§ **Assignment**
From the entries below, retype only the lines from the one with "(\<lambda>\<omega>. \<Sum>i<Suc (Suc" through the one with "by (simp add: add.commute)", exactly as written.

§ **Collected data entries**
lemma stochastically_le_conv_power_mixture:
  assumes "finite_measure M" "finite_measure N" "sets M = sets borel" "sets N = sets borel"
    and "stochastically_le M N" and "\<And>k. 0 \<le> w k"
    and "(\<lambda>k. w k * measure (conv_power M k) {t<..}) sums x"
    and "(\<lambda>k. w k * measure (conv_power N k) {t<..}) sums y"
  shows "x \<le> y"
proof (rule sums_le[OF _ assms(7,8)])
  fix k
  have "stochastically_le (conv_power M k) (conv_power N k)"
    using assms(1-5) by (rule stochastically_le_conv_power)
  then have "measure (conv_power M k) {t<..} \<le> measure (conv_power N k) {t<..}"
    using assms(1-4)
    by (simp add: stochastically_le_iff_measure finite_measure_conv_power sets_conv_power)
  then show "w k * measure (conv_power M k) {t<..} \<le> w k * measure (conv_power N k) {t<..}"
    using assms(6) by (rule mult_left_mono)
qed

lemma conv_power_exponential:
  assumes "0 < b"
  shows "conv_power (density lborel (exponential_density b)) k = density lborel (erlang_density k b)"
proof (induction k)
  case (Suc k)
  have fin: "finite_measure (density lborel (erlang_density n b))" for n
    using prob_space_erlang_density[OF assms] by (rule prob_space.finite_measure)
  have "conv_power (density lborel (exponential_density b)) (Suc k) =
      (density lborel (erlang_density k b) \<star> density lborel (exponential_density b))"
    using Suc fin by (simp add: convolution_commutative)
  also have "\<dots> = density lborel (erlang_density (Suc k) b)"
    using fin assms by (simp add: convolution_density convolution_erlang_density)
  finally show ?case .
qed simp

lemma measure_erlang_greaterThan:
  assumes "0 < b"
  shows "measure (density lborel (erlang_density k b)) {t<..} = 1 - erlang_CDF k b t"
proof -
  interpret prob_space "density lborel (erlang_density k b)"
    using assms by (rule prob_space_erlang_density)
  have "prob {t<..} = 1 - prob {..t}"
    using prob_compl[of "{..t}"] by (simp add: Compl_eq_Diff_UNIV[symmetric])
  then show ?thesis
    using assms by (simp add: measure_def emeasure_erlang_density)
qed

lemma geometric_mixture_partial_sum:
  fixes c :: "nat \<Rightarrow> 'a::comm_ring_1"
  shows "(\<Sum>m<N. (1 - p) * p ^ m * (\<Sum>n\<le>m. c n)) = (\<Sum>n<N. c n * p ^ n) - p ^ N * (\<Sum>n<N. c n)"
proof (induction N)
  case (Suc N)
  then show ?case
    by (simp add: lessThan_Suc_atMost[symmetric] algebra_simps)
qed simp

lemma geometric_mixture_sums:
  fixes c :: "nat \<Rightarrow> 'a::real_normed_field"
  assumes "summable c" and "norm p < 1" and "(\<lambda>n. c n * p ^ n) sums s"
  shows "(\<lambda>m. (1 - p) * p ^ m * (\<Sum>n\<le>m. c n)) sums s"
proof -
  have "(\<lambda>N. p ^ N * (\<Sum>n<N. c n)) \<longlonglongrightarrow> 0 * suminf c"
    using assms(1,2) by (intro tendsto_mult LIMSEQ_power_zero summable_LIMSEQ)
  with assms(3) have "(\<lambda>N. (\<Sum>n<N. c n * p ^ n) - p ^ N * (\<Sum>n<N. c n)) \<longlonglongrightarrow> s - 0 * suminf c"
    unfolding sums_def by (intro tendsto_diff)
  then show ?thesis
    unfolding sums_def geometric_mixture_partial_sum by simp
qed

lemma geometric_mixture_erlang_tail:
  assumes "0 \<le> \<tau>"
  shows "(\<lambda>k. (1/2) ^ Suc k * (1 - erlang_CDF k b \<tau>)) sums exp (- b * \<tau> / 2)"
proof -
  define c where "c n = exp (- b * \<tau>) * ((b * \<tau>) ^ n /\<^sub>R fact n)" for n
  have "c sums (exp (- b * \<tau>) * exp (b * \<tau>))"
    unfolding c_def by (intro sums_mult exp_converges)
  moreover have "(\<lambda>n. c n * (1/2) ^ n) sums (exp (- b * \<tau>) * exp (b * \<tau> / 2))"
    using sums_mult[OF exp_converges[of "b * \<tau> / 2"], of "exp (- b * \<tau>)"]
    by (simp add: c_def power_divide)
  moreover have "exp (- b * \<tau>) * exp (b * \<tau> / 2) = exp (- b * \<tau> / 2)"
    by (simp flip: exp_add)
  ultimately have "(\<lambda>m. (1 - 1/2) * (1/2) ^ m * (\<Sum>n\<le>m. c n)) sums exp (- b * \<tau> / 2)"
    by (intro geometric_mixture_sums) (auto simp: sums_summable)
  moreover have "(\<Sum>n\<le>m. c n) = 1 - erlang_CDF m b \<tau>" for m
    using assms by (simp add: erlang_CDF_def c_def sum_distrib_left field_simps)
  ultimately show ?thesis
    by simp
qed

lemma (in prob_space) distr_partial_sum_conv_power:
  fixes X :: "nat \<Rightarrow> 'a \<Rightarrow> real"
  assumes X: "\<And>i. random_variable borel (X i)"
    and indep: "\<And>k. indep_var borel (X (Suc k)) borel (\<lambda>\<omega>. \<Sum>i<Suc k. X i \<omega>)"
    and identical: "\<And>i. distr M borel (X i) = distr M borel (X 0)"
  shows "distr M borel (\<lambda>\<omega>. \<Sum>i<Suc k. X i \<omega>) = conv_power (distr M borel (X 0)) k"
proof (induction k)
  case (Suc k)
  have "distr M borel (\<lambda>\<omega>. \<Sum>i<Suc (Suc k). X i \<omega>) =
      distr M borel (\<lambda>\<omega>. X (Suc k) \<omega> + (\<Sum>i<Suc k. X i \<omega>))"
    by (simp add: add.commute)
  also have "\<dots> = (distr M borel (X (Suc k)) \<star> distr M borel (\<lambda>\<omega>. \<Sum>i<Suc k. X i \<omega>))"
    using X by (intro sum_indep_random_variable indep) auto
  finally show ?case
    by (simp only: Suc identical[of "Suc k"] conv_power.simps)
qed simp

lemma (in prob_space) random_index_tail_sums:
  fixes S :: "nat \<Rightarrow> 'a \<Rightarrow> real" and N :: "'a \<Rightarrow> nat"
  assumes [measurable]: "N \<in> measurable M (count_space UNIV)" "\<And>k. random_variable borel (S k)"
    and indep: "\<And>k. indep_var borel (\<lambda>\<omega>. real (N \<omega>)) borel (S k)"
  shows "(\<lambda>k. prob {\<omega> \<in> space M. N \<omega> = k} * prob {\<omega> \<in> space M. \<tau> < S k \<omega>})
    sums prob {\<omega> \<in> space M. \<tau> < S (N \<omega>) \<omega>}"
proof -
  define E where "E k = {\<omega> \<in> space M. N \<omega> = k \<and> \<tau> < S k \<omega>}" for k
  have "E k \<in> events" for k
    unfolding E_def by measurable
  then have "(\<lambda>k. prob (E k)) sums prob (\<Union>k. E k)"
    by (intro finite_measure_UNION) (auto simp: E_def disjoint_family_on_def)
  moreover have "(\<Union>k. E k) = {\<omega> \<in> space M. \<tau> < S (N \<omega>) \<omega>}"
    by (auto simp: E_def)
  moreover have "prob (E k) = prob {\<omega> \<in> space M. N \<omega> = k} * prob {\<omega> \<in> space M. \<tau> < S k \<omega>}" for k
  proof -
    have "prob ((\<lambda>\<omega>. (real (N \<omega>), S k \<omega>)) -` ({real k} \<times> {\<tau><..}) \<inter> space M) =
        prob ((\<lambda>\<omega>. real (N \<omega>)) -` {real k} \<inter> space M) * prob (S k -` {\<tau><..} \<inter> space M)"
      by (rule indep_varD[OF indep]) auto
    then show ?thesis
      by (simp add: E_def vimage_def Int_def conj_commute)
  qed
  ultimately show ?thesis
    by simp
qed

...

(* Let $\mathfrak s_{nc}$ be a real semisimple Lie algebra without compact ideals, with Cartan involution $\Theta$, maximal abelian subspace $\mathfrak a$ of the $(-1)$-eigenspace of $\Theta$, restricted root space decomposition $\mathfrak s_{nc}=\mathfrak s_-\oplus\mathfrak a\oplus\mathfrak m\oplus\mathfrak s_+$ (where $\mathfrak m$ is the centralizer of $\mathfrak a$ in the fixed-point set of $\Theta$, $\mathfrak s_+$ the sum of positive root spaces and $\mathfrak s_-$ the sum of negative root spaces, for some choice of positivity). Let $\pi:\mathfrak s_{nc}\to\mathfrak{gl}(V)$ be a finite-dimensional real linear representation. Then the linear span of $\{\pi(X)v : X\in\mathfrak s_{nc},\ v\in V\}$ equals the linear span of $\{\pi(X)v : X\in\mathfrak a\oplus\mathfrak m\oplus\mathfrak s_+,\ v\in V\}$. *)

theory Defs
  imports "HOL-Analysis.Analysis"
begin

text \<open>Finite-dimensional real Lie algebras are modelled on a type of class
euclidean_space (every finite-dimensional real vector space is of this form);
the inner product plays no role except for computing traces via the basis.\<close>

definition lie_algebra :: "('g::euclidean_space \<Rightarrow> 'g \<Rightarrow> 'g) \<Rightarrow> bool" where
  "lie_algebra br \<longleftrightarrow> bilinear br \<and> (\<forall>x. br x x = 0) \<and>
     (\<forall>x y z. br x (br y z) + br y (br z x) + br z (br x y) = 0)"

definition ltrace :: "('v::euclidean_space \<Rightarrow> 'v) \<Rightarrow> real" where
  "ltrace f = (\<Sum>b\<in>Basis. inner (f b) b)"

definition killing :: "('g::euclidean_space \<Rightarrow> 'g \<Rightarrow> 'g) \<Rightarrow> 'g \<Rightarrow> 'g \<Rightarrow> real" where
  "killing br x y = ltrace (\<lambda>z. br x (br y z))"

§ **Solution below**
  have "distr M borel (\<lambda>\<omega>. \<Sum>i<Suc (Suc k). X i \<omega>) =
      distr M borel (\<lambda>\<omega>. X (Suc k) \<omega> + (\<Sum>i<Suc k. X i \<omega>))"
    by (simp add: add.commute)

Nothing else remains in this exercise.